People go a bit crazy about CUDA, ROCm and PyTorch, but I've been watching for a few years and have seen no evidence whatsoever that they are serious blockers. PyTorch does work on AMD cards and whatever ROCm can't do doesn't seem to be important because no-one has articulated why they need it in my line of sight. By far AMD's biggest problem is that their linux kernel drivers historically don't seem to be able to handle GEMM workloads without kernel panics.
Having some senior engineers taking a public interest in putting up this sort of article is rather exciting. I'm not going to give AMD the benefit of the doubt after their horrific performance in the 2010s and early 2020s but observing from a safe distance - they do look like they're on the right track and possibly even a fair way down the path to getting into the game.

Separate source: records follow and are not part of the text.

lemma halted_step_choice: "halted M c \<Longrightarrow> step_choice M c i = None"
  by (simp add: halted_iff_options_Nil step_choice_eq_None_iff)

lemma step_choice_state_less:
  assumes "ntm_wf M" and "step_choice M c i = Some c'"
  shows "fst c' < ntm_states M"
proof (cases c)
  case (fields q t h)
  let ?ts = "ntm_delta M q (t h)"
  obtain q' s' d where move: "?ts ! i = (q', s', d)" by (cases "?ts ! i")
  have "i < length ?ts" and c': "c' = (q', t(h := s'), h + d)"
    using assms(2) fields move by (auto simp: step_choice_def Let_def split: if_splits)
  then have "(q', s', d) \<in> set ?ts" by (metis move nth_mem)
  then show ?thesis using assms(1) c' by (simp add: ntm_wf_def)
qed

lemma run_choices_append:
  "run_choices M c (xs @ ys) =
     (case run_choices M c xs of None \<Rightarrow> None | Some c' \<Rightarrow> run_choices M c' ys)"
  by (induction xs arbitrary: c) (auto split: option.split)

definition comp_paths_from :: "ntm \<Rightarrow> config \<Rightarrow> nat list set" where
  "comp_paths_from M c = {cs. \<exists>c'. run_choices M c cs = Some c' \<and> halted M c'}"

definition acc_paths_from :: "ntm \<Rightarrow> config \<Rightarrow> nat list set" where
  "acc_paths_from M c =
     {cs. \<exists>c'. run_choices M c cs = Some c' \<and> halted M c' \<and> fst c' \<in> ntm_accept M}"

lemma comp_paths_eq_from: "comp_paths M x = comp_paths_from M (init_config x)"
  by (simp add: comp_paths_def comp_paths_from_def)

lemma acc_paths_eq_from: "acc_paths M x = acc_paths_from M (init_config x)"
  by (simp add: acc_paths_def acc_paths_from_def)

lemma acc_paths_from_subset: "acc_paths_from M c \<subseteq> comp_paths_from M c"
  by (auto simp: acc_paths_from_def comp_paths_from_def)

lemma Nil_mem_comp_paths_from [simp]: "[] \<in> comp_paths_from M c \<longleftrightarrow> halted M c"
  by (cases c) (simp add: comp_paths_from_def)
lemma dGH_le_commute: "dGH k Y X \<le> dGH k X Y"
  unfolding dGH_def
proof (intro ereal_divide_right_mono Inf_greatest)
  fix d assume "d \<in> {distortion X Y R | R. admissible k X Y R}"
  then obtain R where "admissible k X Y R" "d = distortion X Y R"
    by blast
  then have "admissible k Y X (converse R)" "d = distortion Y X (converse R)"
    by (simp_all add: admissible_converse distortion_converse)
  then show "Inf {distortion Y X R | R. admissible k Y X R} \<le> d"
    by (auto intro: Inf_lower)
qed simp

lemma dGH_commute: "dGH k X Y = dGH k Y X"
  by (intro antisym dGH_le_commute)

lemma dGH_triangle:
  assumes "mspace X \<noteq> {}" "mspace Y \<noteq> {}"
  shows "dGH k X Z \<le> dGH k X Y + dGH k Y Z"
proof -
  let ?D = "\<lambda>X Y. Inf {distortion X Y R | R. admissible k X Y R}"
  have "?D X Z \<le> ?D X Y + ?D Y Z"
  proof (rule ereal_le_Inf_add)
    fix a b
    assume "a \<in> {distortion X Y R | R. admissible k X Y R}" "b \<in> {distortion Y Z Q | Q. admissible k Y Z Q}"
    then obtain R Q where RQ: "admissible k X Y R" "admissible k Y Z Q" and "a = distortion X Y R" "b = distortion Y Z Q"
      by blast
    then have "distortion X Z (R O Q) \<le> a + b"
      using distortion_relcomp_le by simp
    then show "?D X Z \<le> a + b"
      using admissible_relcomp[OF RQ] by (blast intro: Inf_lower2)
  qed (auto simp: assms admissible_distortion_nonneg)
  then have "dGH k X Z \<le> (?D X Y + ?D Y Z) / 2"
    unfolding dGH_def by simp
  also have "\<dots> = dGH k X Y + dGH k Y Z"
    unfolding dGH_def by (intro ereal_add_divide_distrib Inf_admissible_distortion_nonneg assms)
  finally show ?thesis .
qed

theorem mainTheorem10:
  fixes k :: GH_kind and X :: "'a metric" and Y :: "'b metric" and Z :: "'c metric"
  assumes "mspace X \<noteq> {}" and "mspace Y \<noteq> {}" and "mspace Z \<noteq> {}"
  shows "0 \<le> dGH k X Y \<and> dGH k X X = 0 \<and> dGH k X Y = dGH k Y X
         \<and> dGH k X Z \<le> dGH k X Y + dGH k Y Z"
  using assms by (intro conjI dGH_nonneg dGH_self dGH_commute dGH_triangle)

end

You seem to be saying AMD GPUs can run PyTorch but can't run GEMM? Can you explain? I thought PyTorch used GEMM extensively.
I also don't understand the comment on "whatever ROCm can't do doesn't seem to be important because no-one has articulated why they need it in my line of sight". Isn't the problem with ROCm the lack of support? It's only officially supported on a tiny proportion of AMD's product line?
1) I have no issues throwing ROCm (which still uses its own path in the driver) at my Radeon at the same time I'm hammering it with "normal" path APIs (Legacy D3D, D3D12, OpenGL, Vulkan, etc), they are scheduled normally and compete for GPU resources normally.
2) ROCm memory allocation is weird in the driver. I have gotten my GPU to hardlock the entire system by allocating about 2x my VRAM, because I suspect its misusing/overusing mprotect().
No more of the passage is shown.